Absorb and Converge: Provable Convergence Guarantee for Absorbing Discrete Diffusion Models
Yuchen Liang, Renxiang Huang, Lifeng Lai, Ness Shroff, Yingbin Liang
TL;DR
This paper tackles the theoretical gap in absorbing discrete diffusion models by delivering the first finite-time convergence guarantees for forward-backward Markovian diffusion under absorbing rate matrices. It introduces a surrogate initialization $p_{init}$ and uses a Jensen-based decomposition to bound the forward KL divergence, enabling stable analysis despite the absorbing singleton stationary distribution. The authors prove convergence bounds for both $\tau$-leaping and uniformization samplers, showing linear-in-$d$ dependence and improved rates over uniform-rate variants, and further provide no-early-stopping results under practical assumptions. Novel techniques include precise absorbing-score bounds and a non-diverging score near initialization, which collectively remove the need for early stopping in certain regimes.
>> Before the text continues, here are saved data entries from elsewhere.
(* For any positive integer $k$, $dim_s(C_{2k+1}\times C_{2k+1})=(2k+1)(k+1)$.
   Context: $C_n$ is the cycle on $n$ vertices. The direct product $G\times H$ has vertex set $V(G)\times V(H)$, with $(a,b)$ adjacent to $(c,d)$ iff $ac\in E(G)$ and $bd\in E(H)$. For a connected graph $G$, $I_G[u,v]$ is the set of vertices lying on some shortest $u$–$v$ path; a vertex $w$ strongly resolves $u,v$ if $v\in I_G[u,w]$ or $u\in I_G[v,w]$; a strong resolving set is a set $S\subseteq V(G)$ such that every pair of vertices is strongly resolved by some vertex of $S$; $dim_s(G)$ is the minimum cardinality of a strong resolving set. *)

theory Defs
  imports Main
begin

definition is_walk :: "'a set \<Rightarrow> ('a \<Rightarrow> 'a \<Rightarrow> bool) \<Rightarrow> (nat \<Rightarrow> 'a) \<Rightarrow> nat \<Rightarrow> 'a \<Rightarrow> 'a \<Rightarrow> bool" where
  "is_walk V E p k u v \<longleftrightarrow> p 0 = u \<and> p k = v \<and> (\<forall>i\<le>k. p i \<in> V) \<and> (\<forall>i<k. E (p i) (p (Suc i)))"

definition gdist :: "'a set \<Rightarrow> ('a \<Rightarrow> 'a \<Rightarrow> bool) \<Rightarrow> 'a \<Rightarrow> 'a \<Rightarrow> nat" where
  "gdist V E u v = (LEAST k. \<exists>p. is_walk V E p k u v)"

definition interval :: "'a set \<Rightarrow> ('a \<Rightarrow> 'a \<Rightarrow> bool) \<Rightarrow> 'a \<Rightarrow> 'a \<Rightarrow> 'a set" where
  "interval V E u v = {w. \<exists>p. is_walk V E p (gdist V E u v) u v \<and> (\<exists>i\<le>gdist V E u v. p i = w)}"

definition strongly_resolves :: "'a set \<Rightarrow> ('a \<Rightarrow> 'a \<Rightarrow> bool) \<Rightarrow> 'a \<Rightarrow> 'a \<Rightarrow> 'a \<Rightarrow> bool" where
  "strongly_resolves V E w u v \<longleftrightarrow> v \<in> interval V E u w \<or> u \<in> interval V E v w"

definition strong_resolving_set :: "'a set \<Rightarrow> ('a \<Rightarrow> 'a \<Rightarrow> bool) \<Rightarrow> 'a set \<Rightarrow> bool" where
  "strong_resolving_set V E S \<longleftrightarrow> S \<subseteq> V \<and>
     (\<forall>u\<in>V. \<forall>v\<in>V. u \<noteq> v \<longrightarrow> (\<exists>w\<in>S. strongly_resolves V E w u v))"

definition strong_metric_dim :: "'a set \<Rightarrow> ('a \<Rightarrow> 'a \<Rightarrow> bool) \<Rightarrow> nat" where
  "strong_metric_dim V E = (LEAST n. \<exists>S. strong_resolving_set V E S \<and> card S = n)"

definition cycle_V :: "nat \<Rightarrow> nat set" where
  "cycle_V n = {0..<n}"

definition cycle_E :: "nat \<Rightarrow> nat \<Rightarrow> nat \<Rightarrow> bool" where
  "cycle_E n a b \<longleftrightarrow> a < n \<and> b < n \<and> (b = (a + 1) mod n \<or> a = (b + 1) mod n)"

definition dprod_V :: "'a set \<Rightarrow> 'b set \<Rightarrow> ('a \<times> 'b) set" where
  "dprod_V V1 V2 = V1 \<times> V2"

definition dprod_E :: "('a \<Rightarrow> 'a \<Rightarrow> bool) \<Rightarrow> ('b \<Rightarrow> 'b \<Rightarrow> bool) \<Rightarrow> ('a \<times> 'b) \<Rightarrow> ('a \<times> 'b) \<Rightarrow> bool" where
  "dprod_E E1 E2 x y \<longleftrightarrow> E1 (fst x) (fst y) \<and> E2 (snd x) (snd y)"

end

theory Submission
  imports Defs
begin

text \<open>A walk in a direct product is a pair of walks of the same length. Together with the parity
  of walk lengths in \<open>C\<^sub>n\<close> this gives a closed formula for the distance in \<open>C\<^sub>n \<times> C\<^sub>n\<close>,
  \<open>n = 2k + 1\<close>; its diameter is \<open>2k\<close>, attained by pairs of vertices that differ by \<open>\<plusminus>1\<close> in exactly
  one coordinate.

  Lower bound: two such vertices are each farthest from the other, so every strong resolving set
  contains one of them; hence it covers the cycle formed by each row and has at least \<open>k + 1\<close>
  vertices in each of the \<open>n\<close> rows.

  Upper bound: the \<open>n(k + 1)\<close> vertices \<open>(a, b)\<close> with \<open>b - a mod n\<close> even form a strong resolving
  set. Given \<open>u\<close> outside it and \<open>v\<close>, prolong a shortest \<open>u\<close>--\<open>v\<close> path beyond \<open>v\<close> to a vertex \<open>y\<close>
  where the distance from \<open>u\<close> is locally maximal. The distance formula shows that \<open>y\<close> differs from
  \<open>u\<close> by \<open>\<plusminus>1\<close> in one coordinate only, which flips the parity of the offset, so \<open>y\<close> lies in the set
  and strongly resolves \<open>u, v\<close>.\<close>

section \<open>Walks, distances and intervals\<close>

definition has_walk :: "'a set \<Rightarrow> ('a \<Rightarrow> 'a \<Rightarrow> bool) \<Rightarrow> nat \<Rightarrow> 'a \<Rightarrow> 'a \<Rightarrow> bool" where
  "has_walk V E m u v \<longleftrightarrow> (\<exists>p. is_walk V E p m u v)"

lemma gdist_eq_Least_has_walk: "gdist V E u v = (LEAST m. has_walk V E m u v)"
  by (simp add: gdist_def has_walk_def)

lemma gdist_le: "has_walk V E m u v \<Longrightarrow> gdist V E u v \<le> m"
  unfolding gdist_eq_Least_has_walk by (rule Least_le)

lemma has_walk_gdist: "has_walk V E m u v \<Longrightarrow> has_walk V E (gdist V E u v) u v"
  unfolding gdist_eq_Least_has_walk by (rule LeastI)

lemma has_walk_0: "has_walk V E 0 u v \<longleftrightarrow> u = v \<and> u \<in> V"
  unfolding has_walk_def is_walk_def by auto

lemma has_walk_Suc:
  "has_walk V E (Suc m) u w \<longleftrightarrow> (\<exists>v. has_walk V E m u v \<and> E v w \<and> w \<in> V)"
proof
  assume "has_walk V E (Suc m) u w"
  then obtain p where p: "is_walk V E p (Suc m) u w" unfolding has_walk_def by auto
  then have "is_walk V E p m u (p m)" "E (p m) w" "w \<in> V" unfolding is_walk_def by auto
  then show "\<exists>v. has_walk V E m u v \<and> E v w \<and> w \<in> V" unfolding has_walk_def by blast
next
  assume "\<exists>v. has_walk V E m u v \<and> E v w \<and> w \<in> V"
  then obtain v p where p: "is_walk V E p m u v" and "E v w" "w \<in> V"
    unfolding has_walk_def by auto
  then have "is_walk V E (p(Suc m := w)) (Suc m) u w"
    unfolding is_walk_def by (auto simp: le_Suc_eq less_Suc_eq)
  then show "has_walk V E (Suc m) u w" unfolding has_walk_def by blast
qed

lemma is_walk_append:
  assumes p: "is_walk V E p m u v" and q: "is_walk V E q m' v w"
  shows "is_walk V E (\<lambda>i. if i \<le> m then p i else q (i - m)) (m + m') u w"
  unfolding is_walk_def
proof (intro conjI allI impI)
  fix i assume "i < m + m'"
  then show "E (if i \<le> m then p i else q (i - m)) (if Suc i \<le> m then p (Suc i) else q (Suc i - m))"
    using p q unfolding is_walk_def
    by (cases "i < m") (auto simp: Suc_diff_le less_imp_le_nat dest: spec[of _ "i - m"])
qed (use p q in \<open>auto simp: is_walk_def\<close>)

lemma has_walk_append: "has_walk V E m u v \<Longrightarrow> has_walk V E m' v w \<Longrightarrow> has_walk V E (m + m') u w"
  unfolding has_walk_def by (meson is_walk_append)

lemma endpoint_mem_interval:
  "has_walk V E (gdist V E u v) u v \<Longrightarrow> v \<in> interval V E u v"
  unfolding has_walk_def interval_def is_walk_def by auto

lemma mem_interval_if_gdist_add:
  assumes "has_walk V E (gdist V E u v) u v" "has_walk V E (gdist V E v w) v w"
    and add: "gdist V E u w = gdist V E u v + gdist V E v w"
  shows "v \<in> interval V E u w"
proof -
  obtain p q where p: "is_walk V E p (gdist V E u v) u v" and q: "is_walk V E q (gdist V E v w) v w"
    using assms(1,2) unfolding has_walk_def by blast
  let ?r = "\<lambda>i. if i \<le> gdist V E u v then p i else q (i - gdist V E u v)"
  have "is_walk V E ?r (gdist V E u w) u w" unfolding add by (rule is_walk_append[OF p q])
  moreover have "?r (gdist V E u v) = v" using p unfolding is_walk_def by simp
  ultimately show ?thesis unfolding interval_def add by fastforce
qed

lemma farthest_mem_interval_eq:
  assumes "y \<in> interval V E x w" and far: "\<forall>z\<in>V. gdist V E x z \<le> gdist V E x y"
  shows "y = w"
proof -
  obtain p i where p: "is_walk V E p (gdist V E x w) x w" and i: "i \<le> gdist V E x w" "p i = y"
    using assms(1) unfolding interval_def by auto
  have "has_walk V E i x y" using p i unfolding has_walk_def is_walk_def by auto
  then have "gdist V E x y \<le> i" by (rule gdist_le)
  moreover have "w \<in> V" using p unfolding is_walk_def by auto
  ultimately have "i = gdist V E x w" using far i(1) by force
  then show ?thesis using p i unfolding is_walk_def by auto
qed

text \<open>A pair of vertices each farthest from the other is strongly resolved only by one of the two.\<close>

lemma strong_resolving_set_mutually_farthest:
  assumes "strong_resolving_set V E S" "u \<in> V" "v \<in> V" "u \<noteq> v"
    and "\<forall>w\<in>V. gdist V E u w \<le> gdist V E u v" "\<forall>w\<in>V. gdist V E v w \<le> gdist V E v u"
  shows "u \<in> S \<or> v \<in> S"
proof -
  obtain w where "w \<in> S" "v \<in> interval V E u w \<or> u \<in> interval V E v w"
    using assms(1-4) unfolding strong_resolving_set_def strongly_resolves_def by blast
  then show ?thesis using farthest_mem_interval_eq assms(5,6) by metis
qed

lemma has_walk_dprod:
  "has_walk (dprod_V V1 V2) (dprod_E E1 E2) m (a, b) (c, d) \<longleftrightarrow>
   has_walk V1 E1 m a c \<and> has_walk V2 E2 m b d"
proof (induction m arbitrary: c d)
  case 0
  then show ?case by (auto simp: has_walk_0 dprod_V_def)
next
  case (Suc m)
  then show ?case
    unfolding has_walk_Suc split_paired_Ex Suc.IH by (auto simp: dprod_E_def dprod_V_def)
qed

text \<open>In a finite connected graph, a shortest path from \<open>u\<close> through \<open>v\<close> can be prolonged to a
  vertex \<open>y\<close> at which the distance from \<open>u\<close> is locally maximal: take \<open>y\<close> farthest from \<open>u\<close> among
  the vertices reached from \<open>u\<close> by a shortest path through \<open>v\<close>.\<close>

lemma interval_extends_to_local_max:
  assumes "finite V" and conn: "\<And>x y. x \<in> V \<Longrightarrow> y \<in> V \<Longrightarrow> \<exists>m. has_walk V E m x y"
    and u: "u \<in> V" and v: "v \<in> V"
  obtains y where "y \<in> V" "v \<in> interval V E u y"
    "\<And>y'. y' \<in> V \<Longrightarrow> E y y' \<Longrightarrow> gdist V E u y' \<le> gdist V E u y"
proof -
  let ?d = "gdist V E"
  have short: "has_walk V E (?d x y) x y" if "x \<in> V" "y \<in> V" for x y
    using conn[OF that] by (metis has_walk_gdist)
  define Y where "Y = {y \<in> V. ?d u y = ?d u v + ?d v y}"
  have "?d v v = 0" using gdist_le[of V E 0 v v] v by (simp add: has_walk_0)
  then have "v \<in> Y" using v unfolding Y_def by simp
  moreover have "finite Y" using \<open>finite V\<close> unfolding Y_def by simp
  ultimately have "Max (?d u ` Y) \<in> ?d u ` Y" by (intro Max_in) auto
  then obtain y where y: "y \<in> Y" and y_Max: "?d u y = Max (?d u ` Y)" by (auto simp: image_iff)
  have y_max: "?d u z \<le> ?d u y" if "z \<in> Y" for z
    unfolding y_Max using \<open>finite Y\<close> that by simp
  have yV: "y \<in> V" and y_add: "?d u y = ?d u v + ?d v y" using y unfolding Y_def by auto
  show thesis
  proof
    show "v \<in> interval V E u y" by (rule mem_interval_if_gdist_add[OF short[OF u v] short[OF v yV] y_add])
  next
    fix y' assume y': "y' \<in> V" "E y y'"
    have "has_walk V E (Suc (?d v y)) v y'" unfolding has_walk_Suc using short[OF v yV] y' by blast
    then have vy': "?d v y' \<le> Suc (?d v y)" by (rule gdist_le)
    have uy': "?d u y' \<le> ?d u v + ?d v y'"
      by (rule gdist_le[OF has_walk_append[OF short[OF u v] short[OF v y'(1)]]])
    show "?d u y' \<le> ?d u y"
    proof (rule ccontr)
      assume far: "\<not> ?d u y' \<le> ?d u y"
      then have "?d u y' = ?d u v + ?d v y'" using vy' uy' y_add by linarith
      then have "y' \<in> Y" using y'(1) unfolding Y_def by simp
      then show False using y_max far by blast
    qed
  qed (use yV in simp)
qed

section \<open>Cycles\<close>

definition cyc_succ :: "nat \<Rightarrow> nat \<Rightarrow> nat" where
  "cyc_succ n x = (if x + 1 = n then 0 else x + 1)"

definition cyc_pred :: "nat \<Rightarrow> nat \<Rightarrow> nat" where
  "cyc_pred n x = (if x = 0 then n - 1 else x - 1)"

definition cyc_offset :: "nat \<Rightarrow> nat \<Rightarrow> nat \<Rightarrow> nat" where
  "cyc_offset n a c = (if a \<le> c then c - a else c + n - a)"

lemma cyc_succ_lt: "x < n \<Longrightarrow> cyc_succ n x < n"
  unfolding cyc_succ_def by auto

lemma cyc_pred_lt: "x < n \<Longrightarrow> cyc_pred n x < n"
  unfolding cyc_pred_def by auto

lemma cyc_succ_pred: "x < n \<Longrightarrow> cyc_succ n (cyc_pred n x) = x"
  unfolding cyc_succ_def cyc_pred_def by auto

lemma cyc_pred_succ: "x < n \<Longrightarrow> cyc_pred n (cyc_succ n x) = x"
  unfolding cyc_succ_def cyc_pred_def by auto

lemma cycle_E_iff: "cycle_E n x y \<longleftrightarrow> x < n \<and> y < n \<and> (y = cyc_succ n x \<or> x = cyc_succ n y)"
  unfolding cycle_E_def cyc_succ_def by auto

lemma cyc_offset_lt: "a < n \<Longrightarrow> c < n \<Longrightarrow> cyc_offset n a c < n"
  unfolding cyc_offset_def by auto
These results offer principled guidance for deploying absorbing discrete diffusion models in practice and lay groundwork for future extensions to conditional generation and broader absorbing-rate structures.
Abstract
Discrete state space diffusion models have shown significant advantages in applications involving discrete data, such as text and image generation. It has also been observed that their performance is highly sensitive to the choice of rate matrices, particularly between uniform and absorbing rate matrices. While empirical results suggest that absorbing rate matrices often yield better generation quality compared to uniform rate matrices, existing theoretical works have largely focused on the uniform rate matrices case. Notably, convergence guarantees and error analyses for absorbing diffusion models are still missing. In this work, we provide the first finite-time error bounds and convergence rate analysis for discrete diffusion models using absorbing rate matrices. We begin by deriving an upper bound on the KL divergence of the forward process, introducing a surrogate initialization distribution to address the challenge posed by the absorbing stationary distribution, which is a singleton and causes the KL divergence to be ill-defined. We then establish the first convergence guarantees for both the $τ$-leaping and uniformization samplers under absorbing rate matrices, demonstrating improved rates over their counterparts using uniform rate matrices. Furthermore, under suitable assumptions, we provide convergence guarantees without early stopping. Our analysis introduces several new technical tools to address challenges unique to absorbing rate matrices. These include a Jensen-type argument for bounding forward process convergence, novel techniques for bounding absorbing score functions, and a non-divergent upper bound on the score near initialization that removes the need of early-stopping.